An all-in-one nanoprinting approach for the synthesis of a nanofilm library for unclonable anti-counterfeiting applications

In addition to causing trillion-dollar economic losses every year, counterfeiting threatens human health, social equity and national security. Current materials for anti-counterfeiting labelling typically contain toxic inorganic quantum dots and the techniques to produce unclonable patterns require tedious fabrication or complex readout methods. Here we present a nanoprinting-assisted flash synthesis approach that generates fluorescent nanofilms with physical unclonable function micropatterns in milliseconds. This all-in-one approach yields quenching-resistant carbon dots in solid films, directly from simple monosaccharides. Moreover, we establish a nanofilm library comprising 1,920 experiments, offering conditions for various optical properties and microstructures. We produce 100 individual physical unclonable function patterns exhibiting near-ideal bit uniformity (0.492 +/- 0.018), high uniqueness (0.498 +/- 0.021) and excellent reliability (>93%). These unclonable patterns can be quickly and independently read out by fluorescence and topography scanning, greatly improving their security.

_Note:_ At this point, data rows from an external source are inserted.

lemma eigenvalue_half_if_weights_differ:
  fixes a b :: "nat \<Rightarrow> complex" and d :: "nat \<Rightarrow> real"
  assumes diag: "\<And>i j. i < n \<Longrightarrow> j < n \<Longrightarrow>
      a i * cnj (a j) + b i * cnj (b j) = (if i = j then complex_of_real (2 * d i) else 0)"
    and na: "(\<Sum>i<n. cmod (a i) ^ 2) = 1" and nb: "(\<Sum>i<n. cmod (b i) ^ 2) = 1"
    and i: "i < n" and ne: "cmod (a i) \<noteq> cmod (b i)"
  shows "d i = 1/2"
proof -
  \<comment> \<open>Apply \<open>aa\<^sup>* + bb\<^sup>* = 2 diag(d)\<close> to \<open>a\<close> and \<open>b\<close>: \<open>t a\<^sub>i = c b\<^sub>i\<close> and \<open>t b\<^sub>i = c\<^sup>* a\<^sub>i\<close>, whose moduli force \<open>t = 0\<close>.\<close>
  define c where "c = (\<Sum>j<n. cnj (b j) * a j)"
  define t where "t = 2 * d i - 1"
  have apply_diag: "(\<Sum>j<n. (a i * cnj (a j) + b i * cnj (b j)) * v j) = 2 * complex_of_real (d i) * v i"
    for v :: "nat \<Rightarrow> complex"
  proof -
    have "(\<Sum>j<n. (a i * cnj (a j) + b i * cnj (b j)) * v j)
        = (\<Sum>j<n. if j = i then 2 * complex_of_real (d i) * v i else 0)"
      by (rule sum.cong) (use diag i in auto)
    thus ?thesis using i by simp
  qed
  have sum_sq: "(\<Sum>j<n. cnj (v j) * v j) = 1" if "(\<Sum>j<n. cmod (v j) ^ 2) = 1" for v
    using arg_cong[OF that, of complex_of_real] by (simp add: mult.commute flip: complex_norm_square)
  have "(\<Sum>j<n. (a i * cnj (a j) + b i * cnj (b j)) * a j) = a i * (\<Sum>j<n. cnj (a j) * a j) + b i * c"
    unfolding c_def by (simp add: sum_distrib_left sum.distrib ring_distribs mult_ac)
  hence "complex_of_real t * a i = c * b i"
    using apply_diag[of a] sum_sq[OF na] unfolding t_def by (simp add: algebra_simps)
  hence ra: "\<bar>t\<bar> * cmod (a i) = cmod c * cmod (b i)" by (metis norm_mult norm_of_real)
  have "(\<Sum>j<n. (a i * cnj (a j) + b i * cnj (b j)) * b j) = a i * cnj c + b i * (\<Sum>j<n. cnj (b j) * b j)"
    unfolding c_def by (simp add: sum_distrib_left sum.distrib ring_distribs mult_ac)
  hence "complex_of_real t * b i = cnj c * a i"
    using apply_diag[of b] sum_sq[OF nb] unfolding t_def by (simp add: algebra_simps)
  hence rb: "\<bar>t\<bar> * cmod (b i) = cmod c * cmod (a i)" by (metis complex_mod_cnj norm_mult norm_of_real)
  have "(\<bar>t\<bar> + cmod c) * (cmod (a i) - cmod (b i)) = 0" using ra rb by (simp add: algebra_simps)
  hence "\<bar>t\<bar> + cmod c = 0" using ne by simp
  hence "t = 0" by (smt (verit) norm_ge_zero)
  thus ?thesis unfolding t_def by simp
qed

An open-source deep-learning model guarantees precise authentication, even if patterns are challenged with different resolutions or devices. A laser printing approach generates physical unclonable fluorescent patterns, made from simple sugar. These environmentally friendly and ultraviolet-stable materials can be applied as anti-counterfeiting labels.

Automated summary

Counterfeiting not only causes trillion-dollar economic losses annually, but also threatens human health, social equity, and national security. Researchers have developed a nanoprinting-assisted flash synthesis approach to create fluorescent nanofilms with physical unclonable function micropatterns in milliseconds. These unclonable patterns can be quickly and independently read out by fluorescence and topography scanning, greatly enhancing their security.